(* Let $F$ be a continuous distribution function with a density that is symmetric about $\theta$ and unimodal. Fix $0 < \alpha < 1$ and $0 \le \varepsilon < 1/2$, and for each $n$ let $k_n = \arg\min_k |\alpha^*(n,k,\varepsilon) - \alpha|$. Consider the sequence of intervals $I_n = [x_{(k_n+1)}, x_{(n-k_n)}]$ built from samples $X_n = (x_1,\dots,x_n)$. Then: 1. For $0 \le \delta < (1-\varepsilon)/2$, $$L\{I_n,F,\delta\} = F^{-1}\Big\{\frac{1+\varepsilon}{2(1-\delta)}\Big\} - F^{-1}\Big\{\frac{1-\varepsilon}{2(1-\delta)}\Big\}.$$ 2. The length breakdown point is $\delta^*\{I_n,F\} = (1-\varepsilon)/2$. 3. The sequence $I_n$ has $\varepsilon$-robust length at $F$ if and only if $\varepsilon < 1/3$. 4. Let $[A_n(X_n), B_n(X_n)]$, $n \ge 1$, be any sequence of confidence intervals such that for every $n$ and every distribution $G_0$ satisfying (A1), $$\inf_{G \in \mathcal{F}_\varepsilon(G_0)} P_G\{A_n(X_n) \le G_0^{-1}(1/2) < B_n(X_n)\} = 1 - \alpha,$$ where $X_n$ is an i.i.d. sample of size $n$ from $G$. Suppose that, when the sample comes from $F$, $A_n(X_n) \to A_0$ and $B_n(X_n) \to B_0$ almost surely for constants $A_0, B_0$. Then $B_0 \ge F^{-1}((1+\varepsilon)/2)$ and $A_0 \le F^{-1}((1-\varepsilon)/2)$.
   Context: Assumption (A1): a distribution function is continuous with a unique median. For a distribution function $F$, $F^{-1}(p) = \inf\{x : F(x) \ge p\}$. For $0 \le \varepsilon < 1/2$, the contamination neighborhood is $\mathcal{F}_\varepsilon(F) = \{G : G = (1-\varepsilon)F + \varepsilon H,\ H \text{ an arbitrary distribution on } \mathbb{R}\}$. For integers $n \ge 1$, $k \ge 0$, $\alpha^*(n,k,\varepsilon) = 1 - P(k < Z_n < n-k)$ with $Z_n \sim \mathrm{Binomial}(n,(1-\varepsilon)/2)$. For a sequence of intervals $I_n = [a_n(X_n), b_n(X_n)]$ and $\delta \in [0,1/2)$, the maximum asymptotic length under contamination of size $\delta$ at $F$ is $$L\{I_n,F,\delta\} = \sup_{G \in \mathcal{F}_\delta(F)} \operatorname{ess\,sup} \limsup_{n\to\infty} \big(b_n(X_n) - a_n(X_n)\big),$$ where under $G$ the $X_n = (x_1,\dots,x_n)$ are the first $n$ elements of an i.i.d. sequence with distribution $G$ and the essential supremum is with respect to that law. The sequence $I_n$ has $\delta$-robust length at $F$ if $L\{I_n,F,\delta\} < \infty$, and its length breakdown point at $F$ is $\delta^*\{I_n,F\} = \sup\{\delta : L\{I_n,F,\delta\} < \infty\}$. *)

theory Defs
  imports "HOL-Probability.Probability"
begin

definition quantile :: "(real \<Rightarrow> real) \<Rightarrow> real \<Rightarrow> real" where
  "quantile F p = Inf {x. F x \<ge> p}"

definition A1 :: "real measure \<Rightarrow> bool" where
  "A1 G \<longleftrightarrow> real_distribution G \<and> (\<forall>x. isCont (cdf G) x) \<and> (\<exists>!m. cdf G m = 1/2)"

definition contam :: "real measure \<Rightarrow> real \<Rightarrow> real measure set" where
  "contam F eps = {G. real_distribution G \<and>
      (\<exists>H. real_distribution H \<and> (\<forall>x. cdf G x = (1 - eps) * cdf F x + eps * cdf H x))}"

definition iid :: "real measure \<Rightarrow> (nat \<Rightarrow> real) measure" where
  "iid G = (\<Pi>\<^sub>M i\<in>(UNIV::nat set). G)"

definition sample :: "(nat \<Rightarrow> real) \<Rightarrow> nat \<Rightarrow> real list" where
  "sample \<omega> n = map \<omega> [0..<n]"

text \<open>j-th order statistic (1-indexed) x_(j) of a sample.\<close>
definition ostat :: "real list \<Rightarrow> nat \<Rightarrow> real" where
  "ostat xs j = sort xs ! (j - 1)"

definition alpha_star :: "nat \<Rightarrow> nat \<Rightarrow> real \<Rightarrow> real" where
  "alpha_star n k eps =
     1 - measure_pmf.prob (binomial_pmf n ((1 - eps)/2)) {z. k < z \<and> z < n - k}"

definition max_asym_length ::
  "(nat \<Rightarrow> real list \<Rightarrow> real) \<Rightarrow> (nat \<Rightarrow> real list \<Rightarrow> real) \<Rightarrow> real measure \<Rightarrow> real \<Rightarrow> ereal" where
  "max_asym_length a b F \<delta> =
     (SUP G\<in>contam F \<delta>. esssup (iid G)
         (\<lambda>\<omega>. limsup (\<lambda>n. ereal (b n (sample \<omega> n) - a n (sample \<omega> n)))))"

definition robust_length ::
  "(nat \<Rightarrow> real list \<Rightarrow> real) \<Rightarrow> (nat \<Rightarrow> real list \<Rightarrow> real) \<Rightarrow> real measure \<Rightarrow> real \<Rightarrow> bool" where
  "robust_length a b F \<delta> \<longleftrightarrow> max_asym_length a b F \<delta> < \<infinity>"

definition length_breakdown ::
  "(nat \<Rightarrow> real list \<Rightarrow> real) \<Rightarrow> (nat \<Rightarrow> real list \<Rightarrow> real) \<Rightarrow> real measure \<Rightarrow> real" where
  "length_breakdown a b F = Sup {\<delta>. 0 \<le> \<delta> \<and> \<delta> < 1/2 \<and> robust_length a b F \<delta>}"

end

● **EXERCISE DIRECTIONS**
Copy each line of the data that contains the word "omega".

● **YOUR SOLUTION**
  "sample \<omega> n = map \<omega> [0..<n]"
         (\<lambda>\<omega>. limsup (\<lambda>n. ereal (b n (sample \<omega> n) - a n (sample \<omega> n)))))"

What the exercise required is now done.